I know I sound like a cliche hippie when I say this, but living so close to so many other creatures is a constant reminder of the broader web of life we’re all part of. I’ve learned the names of many more local birds and plants since moving onto the boat, and have come to more deeply appreciate the inter-dependence of different species within the ecosystem.

Conventional Australian houses and apartments often shut out other species and keep non-human neighbours as far away as possible, whereas on our home, they’re much closer and easier to spot. This is partly because of the specific location of our boat – anchored beside the mangroves on a winding riparian wildlife corridor, as opposed to moored on a ‘proper’ jetty in a well-ordered marina. And it’s partly just because the ‘inside’ part of our home is so small.

Compact home, expansive life

Our houseboat’s entire cabin is just 5 metres long and 2.7 metres wide. The low ceilings are barely 1.9 metres high – only a few centimetres above my head. The entire boat is just over 8 metres long all up, so outside the cabin, the front and rear decks extend for another metre or two, and are crowded with pot plants, large compost tubs, 400 litres of water tanks, a rickety shoe rack, and a few gardening tools.

The roof of our houseboat cabin (which we call the top deck) is partly enclosed by a bimini, and partly sheltered by solar panels on a makeshift wooden frame I built, offering some extra roofed outdoor space, which we use like a balcony in the cooler months when the midges aren’t too bad. Occasionally we hold joyful candlelit dinner parties with 8 or 10 or sometimes more friends crammed onto this little rooftop, scurrying up and down the ladder to shuttle food and drinks to and from the kitchen.

This is the home we inhabit: a 13.5m2 indoor space where we sleep, bathe, relax, prepare and eat food, store most of our possessions, and sometimes entertain guests. Our bed is less than 1.3m wide, but roomy enough for both of us. If needed, the kitchen table and seats can fold down as a second similar-sized guest bed.

Ours is a particularly tiny home, significantly smaller than most tiny houses on wheels that are gradually appearing in Brisbane backyards, which usually have an indoor floor space of 20m2 to 30m2 (I'm told that's actually bigger than the average inner-city home in many Asian cities).

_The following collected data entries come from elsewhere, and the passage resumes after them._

lemma pow2_matching_top:
  assumes onto: "p ` {0..<n} = {0..<n}"
    and pow2: "\<forall>i<n. is_pow2 (i + p i + 2)"
    and i: "reduced_size n \<le> i" "i < n"
  shows "p i = pow2_above n - 2 - i"
proof (cases "pow2_above n \<le> 2 * (i + 1)")
  case True
  have "p i < n" using onto i by force
  then show ?thesis using pow2_partner_upper_half[OF i(2)] True pow2 i by simp
next
  case False
  \<comment> \<open>then the row j = P - 2 - i lies in the upper half, and its partner must be i\<close>
  define j where "j = pow2_above n - 2 - i"
  have P: "n < pow2_above n" using pow2_above_gt .
  have j: "j < n" "pow2_above n \<le> 2 * (j + 1)"
    using i False P unfolding j_def reduced_size_def by auto
  obtain i' where i': "i' < n" "p i' = j"
    using onto j(1) by (metis atLeastLessThan_iff imageE zero_le)
  have "is_pow2 (i' + j + 2)" using pow2 i' by auto
  then have "is_pow2 (j + i' + 2)" by (simp add: add.commute)
  then have "i' = pow2_above n - 2 - j" using pow2_partner_upper_half[OF j(1) i'(1)] j by simp
  also have "\<dots> = i" using False P i unfolding j_def by simp
  finally show ?thesis using i' j_def by simp
qed

lemma pow2_matching_low:
  assumes inj: "inj_on p {0..<n}" and onto: "p ` {0..<n} = {0..<n}"
    and pow2: "\<forall>i<n. is_pow2 (i + p i + 2)"
    and x: "x < reduced_size n" "x < n"
  shows "p x < reduced_size n"
proof (rule ccontr)
  assume "\<not> p x < reduced_size n"
  have px: "p x < n" using onto x(2) by force
  define t where "t = pow2_above n - 2 - p x"
  have P: "n < pow2_above n" using pow2_above_gt .
  have t: "reduced_size n \<le> t" "t < n"
    using \<open>\<not> p x < reduced_size n\<close> px P unfolding t_def reduced_size_def by auto
  have "p t = pow2_above n - 2 - t" by (rule pow2_matching_top[OF onto pow2 t])
  also have "\<dots> = p x" using px P unfolding t_def by simp
  finally have "t = x" using inj t \<open>x < n\<close> by (auto simp: inj_on_def)
  then show False using t x by simp
qed

lemma pow2_matching_unique:
  assumes "inj_on p {0..<n}" "p ` {0..<n} = {0..<n}" "\<forall>i<n. is_pow2 (i + p i + 2)" "i < n"
  shows "p i = pow2_pairing n i"
  using assms
proof (induction n arbitrary: i rule: less_induct)
  case (less n)
  show ?case
  proof (cases "reduced_size n \<le> i")
    case True
    then show ?thesis
      using pow2_matching_top[OF less.prems(2,3)] less.prems(4) by (simp add: pow2_pairing_top)
  next
    case False
    define s where "s = reduced_size n"
    have sn: "s < n" using less.prems(4) reduced_size_less s_def by simp
    have inj: "inj_on p {0..<s}" using less.prems(1) sn by (auto intro: inj_on_subset)
    have "p ` {0..<s} \<subseteq> {0..<s}"
      using pow2_matching_low[OF less.prems(1-3)] sn s_def by auto
    then have onto: "p ` {0..<s} = {0..<s}" using endo_inj_surj[OF _ _ inj] by simp
    have "p i = pow2_pairing s i"
      using less.IH[OF sn inj onto] less.prems(3) sn False s_def by simp
    then show ?thesis using False less.prems(4) s_def by (simp add: pow2_pairing_low)
  qed
qed

lemma permutes_pow2_matching_eq:
  assumes p: "p permutes {0..<n}" and pow2: "\<forall>i<n. is_pow2 (i + p i + 2)"
  shows "p = pow2_pairing n"
proof
  fix x
  show "p x = pow2_pairing n x"
  proof (cases "x < n")
    case True
    have "inj_on p {0..<n}" "p ` {0..<n} = {0..<n}"
      using permutes_inj_on[OF p] permutes_image[OF p] by auto
    then show ?thesis using pow2_matching_unique pow2 True by blast
  next
    case False
    then show ?thesis using permutes_not_in[OF p] by (simp add: pow2_pairing_id)
  qed
qed

section \<open>Counting the pairs with a prescribed power of two\<close>

definition pow2_pair_count :: "nat \<Rightarrow> nat \<Rightarrow> nat" where
  "pow2_pair_count K n = card {i. i < n \<and> i + pow2_pairing n i + 2 = K}"

lemma pow2_pair_count_reduce:
  assumes "0 < n"
  shows "pow2_pair_count K n =
    (if pow2_above n = K then 2 * n + 1 - pow2_above n else 0) + pow2_pair_count K (reduced_size n)"
proof -
  define s where "s = reduced_size n"
  have P: "n < pow2_above n" "pow2_above n \<le> 2 * n"
    using pow2_above_gt pow2_above_le_double assms by auto
  have sn: "s < n" using assms reduced_size_less s_def by simp
  have top: "i + pow2_pairing n i + 2 = pow2_above n" if "s \<le> i" "i < n" for i
    using that P by (simp add: pow2_pairing_top s_def)
  have "{i. i < n \<and> i + pow2_pairing n i + 2 = K} =
      {i. i < s \<and> i + pow2_pairing n i + 2 = K} \<union> {i. s \<le> i \<and> i < n \<and> i + pow2_pairing n i + 2 = K}"
    using sn by auto
  also have "{i. i < s \<and> i + pow2_pairing n i + 2 = K} = {i. i < s \<and> i + pow2_pairing s i + 2 = K}"
    using sn by (auto simp: pow2_pairing_low s_def)
  also have "{i. s \<le> i \<and> i < n \<and> i + pow2_pairing n i + 2 = K} =
      (if pow2_above n = K then {s..<n} else {})"
    using top by auto
  finally have "{i. i < n \<and> i + pow2_pairing n i + 2 = K} =
      {i. i < s \<and> i + pow2_pairing s i + 2 = K} \<union> (if pow2_above n = K then {s..<n} else {})" .
  moreover have "n - s = 2 * n + 1 - pow2_above n" using P s_def reduced_size_def by simp
  moreover have "card ({i. i < s \<and> i + pow2_pairing s i + 2 = K} \<union> {s..<n}) =
      card {i. i < s \<and> i + pow2_pairing s i + 2 = K} + (n - s)"
    by (subst card_Un_disjoint) auto
  ultimately show ?thesis
    unfolding pow2_pair_count_def s_def[symmetric] by simp
qed

definition mu_profile :: "nat \<Rightarrow> nat \<Rightarrow> nat" where
  "mu_profile H y =
     (if y < H then 0 else if y < 2 * H then 2 * y + 1 - 2 * H
      else if y < 3 * H then 6 * H - 1 - 2 * y else 0)"

lemma mu_profile_reflect: "y < 4 * H \<Longrightarrow> mu_profile H (4 * H - 1 - y) = mu_profile H y"
  unfolding mu_profile_def by auto

lemma mod_reflect:
  fixes m P n :: nat
  assumes "m dvd P" "n < P"
  shows "(P - n - 1) mod m = m - 1 - n mod m"
proof -
  obtain q where q: "P = m * q" using assms(1) by blast
  have m: "0 < m" using assms q by (cases m) auto
  define a r where "a = n div m" and "r = n mod m"
  have n: "n = m * a + r" and r: "r < m" using m unfolding a_def r_def by simp_all
  have "m * a < m * q" using assms(2) q n by linarith
  then have "a < q" by simp
  then have "m * q = m * (Suc a + (q - a - 1))" by simp
  also have "\<dots> = m * a + m * (q - a - 1) + m" by (simp add: algebra_simps)
  finally have "m * q = m * a + m * (q - a - 1) + m" .
  then have "P - n - 1 = (m - 1 - r) + m * (q - a - 1)" using q n r by linarith
  then have "(P - n - 1) mod m = (m - 1 - r) mod m" by (simp only: mod_mult_self2)
  also have "\<dots> = m - 1 - r" using r by simp
  finally show ?thesis unfolding r_def .
qed

lemma pow2_pair_count_eq_mu_profile:
  assumes H: "is_pow2 H"
  shows "pow2_pair_count (2 * H) n = mu_profile H (n mod (4 * H))"
proof (induction n rule: less_induct)
  case (less n)
  have H1: "1 \<le> H" using H unfolding is_pow2_def by auto
  show ?case
  proof (cases "n = 0")
    case True
    then show ?thesis using H1 by (simp add: pow2_pair_count_def mu_profile_def)
  next
    case False
    define s where "s = reduced_size n"
    have P: "n < pow2_above n" "pow2_above n \<le> 2 * n"
      using pow2_above_gt pow2_above_le_double False by auto
    have sn: "s < n" using False reduced_size_less s_def by simp
    have ih: "pow2_pair_count (2 * H) s = mu_profile H (s mod (4 * H))"
      using less.IH[OF sn] .
    have reduce: "pow2_pair_count (2 * H) n =
        (if pow2_above n = 2 * H then 2 * n + 1 - pow2_above n else 0) + pow2_pair_count (2 * H) s"
      using pow2_pair_count_reduce False s_def by simp
    have pow2_2H: "is_pow2 (2 * H)" using H unfolding is_pow2_def by (metis power_Suc)
    consider "n < H" | "H \<le> n" "n < 2 * H" | "2 * H \<le> n" by linarith
    then show ?thesis
    proof cases
      case 1
      then show ?thesis using reduce ih sn P by (simp add: mu_profile_def)
    next
      case 2
      have P2H: "pow2_above n = 2 * H"
        using pow2_2H 2 P by (intro is_pow2_eqI is_pow2_pow2_above) auto
      then have "s < H" using 2 unfolding s_def reduced_size_def by simp
      then show ?thesis using reduce ih P2H 2 by (simp add: mu_profile_def)
    next
      case 3
      have "2 * (2 * H) dvd pow2_above n"
        using pow2_2H 3 P by (intro is_pow2_less_imp_double_dvd is_pow2_pow2_above) auto
      then have "s mod (4 * H) = 4 * H - 1 - n mod (4 * H)"
        using mod_reflect[of "4 * H"] P unfolding s_def reduced_size_def by simp
      then show ?thesis
        using reduce ih 3 P H1 mu_profile_reflect[of "n mod (4 * H)" H] by simp
    qed
  qed
qed

section \<open>The determinant is a signed monomial\<close>

lemma a_seq_eq: "a_seq m = (if is_pow2 (m + 1) then Var m else 0)"
proof -
  have "m = 2 ^ k - 1 \<longleftrightarrow> m + 1 = 2 ^ k" for k :: nat
    using one_le_power[of "2::nat" k] by linarith
  then show ?thesis unfolding a_seq_def is_pow2_def by simp
qed

lemma prod_Var:
  "finite A \<Longrightarrow> (\<Prod>i\<in>A. Var (f i)) =
    Poly_Mapping.single (\<Sum>i\<in>A. Poly_Mapping.single (f i) 1) 1"
  by (induction A rule: finite_induct) (simp_all add: Var_def mult_single)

Everything is closer together on the boat. The kitchen compost tub is only a metre or so from the larger compost bin out on the front deck, which is right beside the pot plants it replenishes periodically with rich new soil. The kitchen is only two metres from the bed, which encourages snacking and regular cups of tea.

In other homes, I’ve always made tea with teabags because I never seemed to have time for the extra steps and hassle of loose-leaf. But on the boat, we boil water on the stove and make tea in a pot. The damp leaves sitting in the teapot from the day before go straight into the compost or one of the pot plants outside the kitchen door. I’m more attentive now to the ritual of transferring water from tank to tap to kettle, kettle to teapot, teapot to mug.

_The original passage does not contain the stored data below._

lemma in_Pplus_iff_subdegree: "in_Pplus f \<longleftrightarrow> 0 \<le> fls_subdegree f"
  unfolding in_Pplus_def
  using fls_subdegree_ge0I fls_eq0_below_subdegree by fastforce

lemma in_Pplus_mult:
  assumes "in_Pplus f" and "in_Pplus g"
  shows "in_Pplus (f * g)"
proof -
  from assms have "0 \<le> fls_subdegree f" "0 \<le> fls_subdegree g"
    by (simp_all add: in_Pplus_iff_subdegree)
  then show ?thesis
    unfolding in_Pplus_def by (auto intro!: fls_times_nth_eq0)
qed

lemma in_Pplus_diff: "in_Pplus f \<Longrightarrow> in_Pplus g \<Longrightarrow> in_Pplus (f - g)"
  by (auto simp: in_Pplus_def)

lemma in_Pplus_sum: "(\<And>i. i \<in> A \<Longrightarrow> in_Pplus (f i)) \<Longrightarrow> in_Pplus (\<Sum>i\<in>A. f i)"
  by (auto simp: in_Pplus_def fls_nth_sum)

lemma in_Pplus_lp_pos: "in_Pplus (lp_pos p)"
  unfolding lp_pos_def in_Pplus_def by (simp add: fls_nth_sum)

lemma in_Pplus_self_adjoint_nth_eq_0:
  assumes "in_Pplus f" and "\<And>k. fls_nth f (-k) = cnj (fls_nth f k)" and "k \<noteq> 0"
  shows "fls_nth f k = 0"
proof (cases "k < 0")
  case False
  with \<open>k \<noteq> 0\<close> have "fls_nth f (-k) = 0"
    using assms(1) by (simp add: in_Pplus_def)
  with assms(2)[of k] show ?thesis by simp
qed (use assms(1) in \<open>simp add: in_Pplus_def\<close>)

lemma lp_pos_eq_sum_atMost:
  assumes "degree p \<le> n"
  shows "lp_pos p = (\<Sum>k\<le>n. fls_const (coeff p k) * fls_X ^ k)"
  unfolding lp_pos_def
  by (rule sum.mono_neutral_left) (use assms in \<open>auto simp: coeff_eq_0\<close>)

lemma lp_tilde_eq_sum_atMost:
  assumes "degree p \<le> n"
  shows "lp_tilde p = (\<Sum>k\<le>n. fls_const (cnj (coeff p k)) * fls_X_inv ^ k)"
proof -
  have "degree (map_poly cnj p) \<le> n"
    using degree_map_poly[of cnj p] assms by simp
  then have "lp_tilde p = (\<Sum>k\<le>n. fls_const (coeff (map_poly cnj p) k) * fls_X_inv ^ k)"
    unfolding lp_tilde_def lp_neg_def
    by (intro sum.mono_neutral_left) (auto simp: coeff_eq_0)
  then show ?thesis
    by (simp add: coeff_map_poly)
qed

lemma lp_pos_diff: "lp_pos (p - q) = lp_pos p - lp_pos q"
proof -
  define n where "n = max (degree p) (degree q)"
  have "degree (p - q) \<le> n" unfolding n_def by (rule degree_diff_le) auto
  then show ?thesis
    using lp_pos_eq_sum_atMost[of p n] lp_pos_eq_sum_atMost[of q n]
      lp_pos_eq_sum_atMost[of "p - q" n]
    by (simp add: n_def flip: fls_minus_const add: left_diff_distrib sum_subtractf)
qed

lemma lp_tilde_diff: "lp_tilde (p - q) = lp_tilde p - lp_tilde q"
proof -
  define n where "n = max (degree p) (degree q)"
  have "degree (p - q) \<le> n" unfolding n_def by (rule degree_diff_le) auto
  then show ?thesis
    using lp_tilde_eq_sum_atMost[of p n] lp_tilde_eq_sum_atMost[of q n]
      lp_tilde_eq_sum_atMost[of "p - q" n]
    by (simp add: n_def flip: fls_minus_const add: left_diff_distrib sum_subtractf)
qed

lemma fls_nth_monomial_times_inv_monomial:
  "fls_nth ((fls_const c * fls_X ^ a) * (fls_const d * fls_X_inv ^ b) :: complex fls) k
     = (if k = int a - int b then c * d else 0)"
proof -
  have "(fls_const c * fls_X ^ a) * (fls_const d * fls_X_inv ^ b) =
        fls_const (c * d) * (fls_X ^ a * fls_X_inv ^ b)"
    by (simp flip: fls_const_mult_const add: ac_simps)
  moreover have "fls_nth (fls_X ^ a * fls_X_inv ^ b :: complex fls) k =
      (if k = int a - int b then 1 else 0)"
    by (simp add: fls_X_inv_power_times_conv_shift(2))
  ultimately show ?thesis
    by (simp only: fls_mult_const_nth(1)) simp
qed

I have other ritual-routines involving water. Dirty dishwater from oily pots goes into a rudimentary biolfiltration system which used to be someone’s cylindrical outdoor drinks cooler and is now filled with layers of gravel and sand. (Slightly) Cleaner water trickles out a hole at the bottom of the filter-esky into a bowl that I then use to water the other plants.

@jonnosri For anyone who's interested, this is how we avoid releasing oily greywater from our kitchen sink into the creek... #houseboatlife #green #greywater ♬ original sound - Jonathan Sriranganathan

Boat life definitely makes me more conscious of what I consume, and where my waste goes. We compost our food scraps, tissues, most cardboard packaging, and even our poo. Sunflowers now grow out of soil that used to be our shit.

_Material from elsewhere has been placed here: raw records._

lemma survival_cdf_inclusion_exclusion:
  fixes M :: "(real^'d) measure" and u :: "real^'d"
  assumes "prob_space M" "sets M = sets borel"
    and margins: "\<And>j a. 0 \<le> a \<Longrightarrow> a \<le> 1 \<Longrightarrow> cdf_vec M (\<chi> i. if i = j then a else 1) = a"
    and u: "\<forall>j. 0 \<le> u$j \<and> u$j < 1"
  shows "survival_cdf M u
       = 1 - (\<Sum>B | B \<subseteq> UNIV \<and> B \<noteq> {}. (-1) ^ (card B + 1) * cdf_vec M (\<chi> j. if j \<in> B then 1 - u$j else 1))"
proof -
  have "cdf_vec M (\<chi> j. 1) = 1"
    using margins[of 1 undefined] by simp
  then have le_1: "AE y in M. \<forall>j. y$j \<le> 1"
    by (rule AE_le_1_if_cdf_vec_1[OF assms(1,2)])
  have uniform: "measure M {y. y$j \<le> b} = b" if "0 \<le> b" "b \<le> 1" for j b
    using measure_coordinate_le_eq_cdf_vec[OF assms(2) le_1] margins that by simp
  have "measure M {y. y$j = 1 - u$j} = 0" for j
  proof (rule measure_coordinate_eq_0[OF assms(1,2)])
    show "0 < 1 - u$j"
      using u by simp
    show "measure M {y. y$j \<le> b} = b" if "0 < b" "b \<le> 1 - u$j" for b
      using spec[OF u, of j] that by (intro uniform) auto
  qed
  then have "measure M {y. \<forall>j. 1 - u$j \<le> y$j}
       = 1 - (\<Sum>B | B \<subseteq> UNIV \<and> B \<noteq> {}. (-1) ^ (card B + 1) * cdf_vec M (\<chi> j. if j \<in> B then 1 - u$j else 1))"
    by (intro measure_ge_inclusion_exclusion[OF assms(1,2) le_1])
  moreover have "{y. \<forall>j. 1 - y$j \<le> u$j} = {y. \<forall>j. 1 - u$j \<le> y$j}"
    by (auto simp: algebra_simps)
  ultimately show ?thesis
    by (simp add: survival_cdf_def)
qed

section \<open>The Marshall-Olkin copula\<close>

lemma MO_copula_margin:
  fixes \<alpha> :: "real^'d"
  assumes "0 \<le> \<alpha>$j" "\<alpha>$j \<le> 1" "0 \<le> a" "a \<le> 1"
  shows "MO_copula \<alpha> (\<chi> i. if i = j then a else 1) = a"
proof (cases "a = 0")
  case False
  have "(\<Prod>i\<in>UNIV. (\<chi> i. if i = j then a else 1)$i powr (1 - \<alpha>$i))
      = (\<Prod>i\<in>UNIV. if i = j then a powr (1 - \<alpha>$j) else 1)"
    by (intro prod.cong) auto
  then have "(\<Prod>i\<in>UNIV. (\<chi> i. if i = j then a else 1)$i powr (1 - \<alpha>$i)) = a powr (1 - \<alpha>$j)"
    by simp
  moreover have "Min (range (\<lambda>i. (\<chi> i. if i = j then a else 1)$i powr \<alpha>$i)) = a powr \<alpha>$j"
  proof (rule Min_eqI)
    have "a powr \<alpha>$j \<le> 1"
      using assms by (intro powr_le1) auto
    then show "z \<ge> a powr \<alpha>$j" if "z \<in> range (\<lambda>i. (\<chi> i. if i = j then a else 1)$i powr \<alpha>$i)" for z
      using that by auto
  qed (auto intro: range_eqI[of _ _ j])
  ultimately show ?thesis
    using False assms by (simp add: MO_copula_def flip: powr_add)
qed (simp add: MO_copula_def prod_zero)

lemma MO_copula_slope:
  fixes \<alpha> c :: "real^'d"
  shows "((\<lambda>t. (MO_copula \<alpha> (\<chi> j. 1 - t * c$j) - 1) / t)
           \<longlongrightarrow> - ((\<Sum>j\<in>UNIV. (1 - \<alpha>$j) * c$j) + Max (range (\<lambda>j. \<alpha>$j * c$j)))) (at_right 0)"
proof -
  have "Min (range (\<lambda>j. - (\<alpha>$j * c$j))) = - Max (range (\<lambda>j. \<alpha>$j * c$j))"
    by (simp add: image_image)
  moreover have "((\<lambda>t. (MO_copula \<alpha> (\<chi> j. 1 - t * c$j) - 1) / t)
           \<longlongrightarrow> (\<Sum>j\<in>UNIV. - ((1 - \<alpha>$j) * c$j)) + Min (range (\<lambda>j. - (\<alpha>$j * c$j)))) (at_right 0)"
    unfolding MO_copula_def vec_lambda_beta by (intro slope_mult slope_prod slope_Min slope_powr) auto
  ultimately show ?thesis
    by (simp add: sum_negf)
qed

lemma MO_copula_face_slope:
  fixes \<alpha> x :: "real^'d"
  assumes alpha: "\<forall>j. 0 \<le> \<alpha>$j" and x: "\<forall>j. 0 \<le> x$j" and "B \<noteq> {}"
  shows "((\<lambda>t. (1 - MO_copula \<alpha> (\<chi> j. if j \<in> B then 1 - t * x$j else 1)) / t)
           \<longlongrightarrow> (\<Sum>j\<in>B. (1 - \<alpha>$j) * x$j) + Max ((\<lambda>j. \<alpha>$j * x$j) ` B)) (at_right 0)"
proof -
  define c where "c = (\<chi> j. if j \<in> B then x$j else 0)"
  have "(\<chi> j. if j \<in> B then 1 - t * x$j else 1) = (\<chi> j. 1 - t * c$j)" for t
    by (simp add: c_def vec_eq_iff)
  moreover have "(\<Sum>j\<in>UNIV. (1 - \<alpha>$j) * c$j) = (\<Sum>j\<in>B. (1 - \<alpha>$j) * x$j)"
    by (simp add: c_def if_distrib sum.If_cases)
  moreover have "Max (range (\<lambda>j. \<alpha>$j * c$j)) = Max ((\<lambda>j. \<alpha>$j * x$j) ` B)"
  proof (rule Max_eqI)
    have "Max ((\<lambda>j. \<alpha>$j * x$j) ` B) \<in> (\<lambda>j. \<alpha>$j * x$j) ` B"
      using \<open>B \<noteq> {}\<close> by simp
    then obtain k where k: "k \<in> B" "\<alpha>$k * x$k = Max ((\<lambda>j. \<alpha>$j * x$j) ` B)"
      by auto
    then show "Max ((\<lambda>j. \<alpha>$j * x$j) ` B) \<in> range (\<lambda>j. \<alpha>$j * c$j)"
      by (auto simp: c_def intro!: range_eqI[of _ _ k])
    have "0 \<le> Max ((\<lambda>j. \<alpha>$j * x$j) ` B)"
      using alpha x by (simp flip: k(2))
    then show "z \<le> Max ((\<lambda>j. \<alpha>$j * x$j) ` B)" if "z \<in> range (\<lambda>j. \<alpha>$j * c$j)" for z
      using that by (auto simp: c_def)
  qed simp
  ultimately show ?thesis
    using tendsto_minus[OF MO_copula_slope[of \<alpha> c]] by (simp add: minus_divide_left add.commute)
qed

lemma MO_survival_cdf_eq:
  fixes \<alpha> u :: "real^'d" and M :: "(real^'d) measure"
  assumes alpha: "\<forall>j. 0 \<le> \<alpha>$j \<and> \<alpha>$j \<le> 1"
    and prob: "prob_space M" and sets: "sets M = sets borel"
    and law: "\<forall>u\<in>unit_cube. cdf_vec M u = MO_copula \<alpha> u"
    and u: "\<forall>j. 0 \<le> u$j \<and> u$j < 1"
  shows "survival_cdf M u
       = (\<Sum>B | B \<subseteq> UNIV \<and> B \<noteq> {}. (-1) ^ (card B + 1) * (1 - MO_copula \<alpha> (\<chi> j. if j \<in> B then 1 - u$j else 1)))"
proof -
  let ?s = "\<lambda>B::'d set. (-1::real) ^ (card B + 1)"
  let ?C = "\<lambda>B. MO_copula \<alpha> (\<chi> j. if j \<in> B then 1 - u$j else 1)"
  have margins: "cdf_vec M (\<chi> i. if i = j then a else 1) = a" if "0 \<le> a" "a \<le> 1" for j a
    using that alpha law by (simp add: unit_cube_def MO_copula_margin)
  have "cdf_vec M (\<chi> j. if j \<in> B then 1 - u$j else 1) = ?C B" for B
    using u law by (simp add: unit_cube_def less_imp_le)
  then have "survival_cdf M u = 1 - (\<Sum>B | B \<subseteq> UNIV \<and> B \<noteq> {}. ?s B * ?C B)"
    using u by (simp add: survival_cdf_inclusion_exclusion[OF prob sets margins])
  also have "\<dots> = (\<Sum>B | B \<subseteq> UNIV \<and> B \<noteq> {}. ?s B) - (\<Sum>B | B \<subseteq> UNIV \<and> B \<noteq> {}. ?s B * ?C B)"
    by (subst sum_alternating_nonempty_subsets) auto
  also have "\<dots> = (\<Sum>B | B \<subseteq> UNIV \<and> B \<noteq> {}. ?s B * (1 - ?C B))"
    by (simp only: right_diff_distrib mult_1_right sum_subtractf)
  finally show ?thesis .
qed

lemma MO_survival_tail_limit:
  fixes \<alpha> x :: "real^'d" and M :: "(real^'d) measure"
  assumes d2: "CARD('d) \<ge> 2"
    and alpha: "\<forall>j. 0 \<le> \<alpha>$j \<and> \<alpha>$j \<le> 1"
    and prob: "prob_space M" and sets: "sets M = sets borel"
    and law: "\<forall>u\<in>unit_cube. cdf_vec M u = MO_copula \<alpha> u"
    and x: "\<forall>j. 0 \<le> x$j"
  shows "((\<lambda>t. survival_cdf M (t *\<^sub>R x) / t) \<longlongrightarrow> Min (range (\<lambda>j. \<alpha>$j * x$j))) (at_right 0)"
proof -
  let ?s = "\<lambda>B::'d set. (-1::real) ^ (card B + 1)"
  let ?Q = "\<lambda>B t. (1 - MO_copula \<alpha> (\<chi> j. if j \<in> B then 1 - t * x$j else 1)) / t"
  let ?L = "\<lambda>B. (\<Sum>j\<in>B. (1 - \<alpha>$j) * x$j) + Max ((\<lambda>j. \<alpha>$j * x$j) ` B)"
  have "\<forall>\<^sub>F t in at_right 0. \<forall>j. t * x$j < 1"
  proof (intro eventually_all_finite allI)
    fix j
    have "((\<lambda>t. t * x$j) \<longlongrightarrow> 0 * x$j) (at_right 0)"
      by (intro tendsto_intros)
    then show "\<forall>\<^sub>F t in at_right 0. t * x$j < 1"
      by (rule order_tendstoD) simp
  qed
  then have "\<forall>\<^sub>F t in at_right 0. survival_cdf M (t *\<^sub>R x) / t = (\<Sum>B | B \<subseteq> UNIV \<and> B \<noteq> {}. ?s B * ?Q B t)"
    using eventually_at_right_less[of "0::real"]
  proof eventually_elim
    case (elim t)
    have "(\<chi> j. if j \<in> B then 1 - (t *\<^sub>R x)$j else 1) = (\<chi> j. if j \<in> B then 1 - t * x$j else 1)" for B
      by (simp add: vec_eq_iff)
    moreover have "\<forall>j. 0 \<le> (t *\<^sub>R x)$j \<and> (t *\<^sub>R x)$j < 1"
      using elim x by simp
    ultimately show ?case
      by (simp add: MO_survival_cdf_eq[OF alpha prob sets law] sum_divide_distrib)
  qed
  moreover have "((\<lambda>t. \<Sum>B | B \<subseteq> UNIV \<and> B \<noteq> {}. ?s B * ?Q B t)
      \<longlongrightarrow> (\<Sum>B | B \<subseteq> UNIV \<and> B \<noteq> {}. ?s B * ?L B)) (at_right 0)"
    using alpha x by (intro tendsto_sum tendsto_mult tendsto_const MO_copula_face_slope) auto
  moreover have "(\<Sum>B | B \<subseteq> UNIV \<and> B \<noteq> {}. ?s B * ?L B) = Min (range (\<lambda>j. \<alpha>$j * x$j))"
  proof -
    have "(\<Sum>B | B \<subseteq> UNIV \<and> B \<noteq> {}. ?s B * (\<Sum>j\<in>B. (1 - \<alpha>$j) * x$j)) = 0"
      using d2 by (intro sum_alternating_nonempty_subsets_sum) auto
    moreover have "Min (range (\<lambda>j. \<alpha>$j * x$j)) = (\<Sum>B | B \<subseteq> UNIV \<and> B \<noteq> {}. ?s B * Max ((\<lambda>j. \<alpha>$j * x$j) ` B))"
      by (rule Min_eq_alternating_sum_Max) auto
    ultimately show ?thesis
      by (simp only: distrib_left sum.distrib add_0_left)
  qed
  ultimately show ?thesis
    by (simp add: tendsto_cong)
qed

The relatively small amount of non-compostable waste we produce mostly ends up in one of our neighbours’ residential bins left out on the street before bin collection day.

Gardening on the boat is a genuine challenge. In addition to the above-mentioned nocturnal raiders, and extended periods where water is in short supply, the salt is a ruthless adversary. In the space of only a few weeks, young, healthy-looking plants will abruptly stop producing new shoots, and their leaves turn brown and drop off one by one. This seems to happen more often on the starboard side, where the pot plants are partially under the drip line of the mangroves (the mangroves survive the salty creek environment in part by exuding salt on their leaves, which rain then washes onto our boat and the pot plants).

Overnight, salty air also condenses on the railings and roof of the boat itself, with salt crystals crusting along surfaces, dense enough to harvest if you didn’t mind the grit.

Living together in such a small home has taught Anna and me a lot about communication – about clearly articulating when we need space to ourselves and when we want to be closer to each other. I imagine some couples would’ve struggled a lot more going through covid lockdowns and quarantines in a cabin of just 13.5m2, but I think because we were already accustomed to sharing such a compact space, we were better prepared to handle the challenges (and of course, lockdowns are much more manageable when you can step off your back deck straight into a kayak to go for a paddle).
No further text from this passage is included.